## What you have to do:
If a line contains "text \<open>Levi-Civita connection: nabla_x", it is the last one to write out; begin with the first line of the records and copy each exactly.

## Dataset records:
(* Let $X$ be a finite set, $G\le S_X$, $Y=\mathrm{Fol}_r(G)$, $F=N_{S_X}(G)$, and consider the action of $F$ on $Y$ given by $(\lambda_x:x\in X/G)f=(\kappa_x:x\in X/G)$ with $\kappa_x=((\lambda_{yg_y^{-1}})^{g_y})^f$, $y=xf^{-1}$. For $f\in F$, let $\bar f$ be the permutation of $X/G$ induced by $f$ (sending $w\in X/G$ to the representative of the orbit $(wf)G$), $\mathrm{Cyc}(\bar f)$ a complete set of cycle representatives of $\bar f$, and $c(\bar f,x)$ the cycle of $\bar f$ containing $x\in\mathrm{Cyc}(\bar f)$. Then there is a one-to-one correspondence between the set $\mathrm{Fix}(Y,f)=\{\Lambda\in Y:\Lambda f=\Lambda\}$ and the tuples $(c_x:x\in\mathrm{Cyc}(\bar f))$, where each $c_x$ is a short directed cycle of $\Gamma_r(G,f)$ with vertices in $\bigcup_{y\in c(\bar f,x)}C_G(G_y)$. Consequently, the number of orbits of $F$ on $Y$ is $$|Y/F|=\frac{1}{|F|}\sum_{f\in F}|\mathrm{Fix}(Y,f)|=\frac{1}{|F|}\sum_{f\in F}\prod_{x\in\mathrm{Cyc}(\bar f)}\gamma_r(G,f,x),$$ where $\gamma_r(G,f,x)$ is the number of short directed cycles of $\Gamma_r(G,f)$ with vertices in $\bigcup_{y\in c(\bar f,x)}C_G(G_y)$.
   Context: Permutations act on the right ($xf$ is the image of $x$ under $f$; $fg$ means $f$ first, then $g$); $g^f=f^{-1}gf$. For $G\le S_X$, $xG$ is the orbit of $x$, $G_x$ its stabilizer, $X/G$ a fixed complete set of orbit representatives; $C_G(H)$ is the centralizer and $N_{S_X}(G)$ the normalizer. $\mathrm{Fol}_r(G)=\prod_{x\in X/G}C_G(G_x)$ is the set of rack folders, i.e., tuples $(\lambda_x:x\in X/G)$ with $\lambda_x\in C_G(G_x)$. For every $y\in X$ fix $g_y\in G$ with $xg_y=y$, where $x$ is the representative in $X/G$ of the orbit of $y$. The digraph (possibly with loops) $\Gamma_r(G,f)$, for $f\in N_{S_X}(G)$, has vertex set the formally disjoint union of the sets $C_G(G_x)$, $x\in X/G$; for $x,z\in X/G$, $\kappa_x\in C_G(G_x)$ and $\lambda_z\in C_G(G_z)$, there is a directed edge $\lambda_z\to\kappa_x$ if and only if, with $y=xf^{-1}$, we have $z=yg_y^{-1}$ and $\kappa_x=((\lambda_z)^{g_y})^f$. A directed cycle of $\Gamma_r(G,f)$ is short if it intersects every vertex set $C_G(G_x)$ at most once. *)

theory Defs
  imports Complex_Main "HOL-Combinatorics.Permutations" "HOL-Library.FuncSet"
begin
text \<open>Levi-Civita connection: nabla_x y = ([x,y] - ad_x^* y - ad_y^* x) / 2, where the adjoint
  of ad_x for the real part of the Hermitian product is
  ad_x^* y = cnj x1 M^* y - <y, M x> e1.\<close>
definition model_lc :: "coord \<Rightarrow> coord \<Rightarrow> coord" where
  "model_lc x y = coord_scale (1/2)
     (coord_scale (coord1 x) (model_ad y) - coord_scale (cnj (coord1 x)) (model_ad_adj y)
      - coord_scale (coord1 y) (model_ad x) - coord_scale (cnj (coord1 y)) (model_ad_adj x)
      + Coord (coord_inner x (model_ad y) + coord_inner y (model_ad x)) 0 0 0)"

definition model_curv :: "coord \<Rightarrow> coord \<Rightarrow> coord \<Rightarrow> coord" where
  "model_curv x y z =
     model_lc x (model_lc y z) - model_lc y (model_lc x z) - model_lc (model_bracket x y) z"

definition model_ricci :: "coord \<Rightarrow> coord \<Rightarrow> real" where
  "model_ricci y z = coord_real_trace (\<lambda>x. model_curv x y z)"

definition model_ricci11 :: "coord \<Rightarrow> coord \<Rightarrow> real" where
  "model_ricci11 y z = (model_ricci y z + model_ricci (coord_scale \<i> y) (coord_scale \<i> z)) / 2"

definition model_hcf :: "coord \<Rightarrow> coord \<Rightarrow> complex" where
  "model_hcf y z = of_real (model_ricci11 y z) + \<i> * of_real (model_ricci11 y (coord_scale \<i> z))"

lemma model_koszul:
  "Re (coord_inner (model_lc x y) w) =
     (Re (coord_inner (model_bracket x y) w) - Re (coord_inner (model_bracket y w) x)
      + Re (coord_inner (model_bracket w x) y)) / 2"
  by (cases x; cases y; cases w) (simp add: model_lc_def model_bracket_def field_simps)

## Task response:
(* Let $X$ be a finite set, $G\le S_X$, $Y=\mathrm{Fol}_r(G)$, $F=N_{S_X}(G)$, and consider the action of $F$ on $Y$ given by $(\lambda_x:x\in X/G)f=(\kappa_x:x\in X/G)$ with $\kappa_x=((\lambda_{yg_y^{-1}})^{g_y})^f$, $y=xf^{-1}$. For $f\in F$, let $\bar f$ be the permutation of $X/G$ induced by $f$ (sending $w\in X/G$ to the representative of the orbit $(wf)G$), $\mathrm{Cyc}(\bar f)$ a complete set of cycle representatives of $\bar f$, and $c(\bar f,x)$ the cycle of $\bar f$ containing $x\in\mathrm{Cyc}(\bar f)$. Then there is a one-to-one correspondence between the set $\mathrm{Fix}(Y,f)=\{\Lambda\in Y:\Lambda f=\Lambda\}$ and the tuples $(c_x:x\in\mathrm{Cyc}(\bar f))$, where each $c_x$ is a short directed cycle of $\Gamma_r(G,f)$ with vertices in $\bigcup_{y\in c(\bar f,x)}C_G(G_y)$. Consequently, the number of orbits of $F$ on $Y$ is $$|Y/F|=\frac{1}{|F|}\sum_{f\in F}|\mathrm{Fix}(Y,f)|=\frac{1}{|F|}\sum_{f\in F}\prod_{x\in\mathrm{Cyc}(\bar f)}\gamma_r(G,f,x),$$ where $\gamma_r(G,f,x)$ is the number of short directed cycles of $\Gamma_r(G,f)$ with vertices in $\bigcup_{y\in c(\bar f,x)}C_G(G_y)$.
   Context: Permutations act on the right ($xf$ is the image of $x$ under $f$; $fg$ means $f$ first, then $g$); $g^f=f^{-1}gf$. For $G\le S_X$, $xG$ is the orbit of $x$, $G_x$ its stabilizer, $X/G$ a fixed complete set of orbit representatives; $C_G(H)$ is the centralizer and $N_{S_X}(G)$ the normalizer. $\mathrm{Fol}_r(G)=\prod_{x\in X/G}C_G(G_x)$ is the set of rack folders, i.e., tuples $(\lambda_x:x\in X/G)$ with $\lambda_x\in C_G(G_x)$. For every $y\in X$ fix $g_y\in G$ with $xg_y=y$, where $x$ is the representative in $X/G$ of the orbit of $y$. The digraph (possibly with loops) $\Gamma_r(G,f)$, for $f\in N_{S_X}(G)$, has vertex set the formally disjoint union of the sets $C_G(G_x)$, $x\in X/G$; for $x,z\in X/G$, $\kappa_x\in C_G(G_x)$ and $\lambda_z\in C_G(G_z)$, there is a directed edge $\lambda_z\to\kappa_x$ if and only if, with $y=xf^{-1}$, we have $z=yg_y^{-1}$ and $\kappa_x=((\lambda_z)^{g_y})^f$. A directed cycle of $\Gamma_r(G,f)$ is short if it intersects every vertex set $C_G(G_x)$ at most once. *)

theory Defs
  imports Complex_Main "HOL-Combinatorics.Permutations" "HOL-Library.FuncSet"
begin
text \<open>Levi-Civita connection: nabla_x y = ([x,y] - ad_x^* y - ad_y^* x) / 2, where the adjoint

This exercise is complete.